Verspreiding en leefgebied
De snoekbaars komt voor een veel verschillende watertypen. Voornamelijk is de snoekbaars te vinden in troebel water, maar kan tevens ook in heldere en diepere wateren zoals afgravingen voorkomen. Ze kunnen overleven in wateren met een diepte van minder dan één meter tot meer dan 25 meter diepte.
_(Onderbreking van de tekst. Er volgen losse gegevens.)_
lemma chain_action_eq:
  "i < k \<Longrightarrow> act g q i = mul (mul (gauge g i) (q i)) (ginv (gauge g (Suc i)))"
  by (auto simp: chain_action_def gauge_def Let_def)

lemma chain_action_beyond: "k \<le> i \<Longrightarrow> act g q i = q i"
  by (simp add: chain_action_def)

lemma norm_gauge [simp]: "sphere_valued g \<Longrightarrow> norm (gauge g i) = 1"
  by (auto simp: sphere_valued_def gauge_def)

lemma sphere_valued_mul:
  "sphere_valued g \<Longrightarrow> sphere_valued h \<Longrightarrow> sphere_valued (\<lambda>i. mul (h i) (g i))"
  by (simp add: sphere_valued_def norm_mul)

lemma sphere_valued_ginv: "sphere_valued g \<Longrightarrow> sphere_valued (\<lambda>i. ginv (g i))"
  by (simp add: sphere_valued_def)

lemma chain_action_chain_action:
  assumes "sphere_valued g" "sphere_valued h"
  shows "act h (act g q) = act (\<lambda>i. mul (h i) (g i)) q"
proof
  fix i
  have "gauge (\<lambda>i. mul (h i) (g i)) i = mul (gauge h i) (gauge g i)" for i
    by (simp add: gauge_def)
  then show "act h (act g q) i = act (\<lambda>i. mul (h i) (g i)) q i"
    using assms
    by (cases "i < k") (simp_all add: chain_action_eq chain_action_beyond ginv_mul mul_assoc)
qed

lemma chain_action_e: "act (\<lambda>_. e) q = q"
proof
  fix i
  show "act (\<lambda>_. e) q i = q i"
    by (cases "i < k") (simp_all add: chain_action_eq chain_action_beyond gauge_def)
qed

lemma chain_action_ginv_chain_action:
  assumes "sphere_valued g"
  shows "act (\<lambda>i. ginv (g i)) (act g q) = q"
proof -
  have "act (\<lambda>i. mul (ginv (g i)) (g i)) q = act (\<lambda>_. e) q"
    using assms unfolding chain_action_def sphere_valued_def
    by (intro ext) (auto simp: mul_ginv_left Let_def)
  then show ?thesis
    using assms by (simp add: chain_action_chain_action sphere_valued_ginv chain_action_e)
qed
De snoekbaars is vaak terug te vinden nabij de bodem, in de buurt van obstakels zoals steile hellingen of richels welke op de bodem aanwezig zijn. De vissoort heeft een voorkeur voor een harde bodem. Ook kan de snoekbaars zich bevinden in ondiepere gedeeltes van het water waar veel waterplanten aanwezig zijn, reden hiervoor is dat hier vaak kleine prooivis aanwezig is welke een belangrijke voedselbron vormen. Snoekbaarzen komen voor in Oost-, Midden-, West- en Noord-Europa.
Voortplanting
Snoekbaarzen paaien in paren vanaf april tot en met mei. Vanaf maart is de snoekbaars echter al onderweg om een geschikte paaiplaats te vinden in de ondiepere gedeeltes van de wateren waar deze voorkomt. De meeste paaien vinden plaats wanneer de watertemperatuur tussen de 12 en 18 graden is.
De paaiplaatsen zijn meestal ondiepere oeverzones welke een diepte hebben van minder dan één meter diepte. De mannelijke snoekbaarzen bewaken het nest agressief totdat de eitjes uitkomen. Snoekbaars is geslachtsrijp bij een lengte van ongeveer 35 tot 45 cm.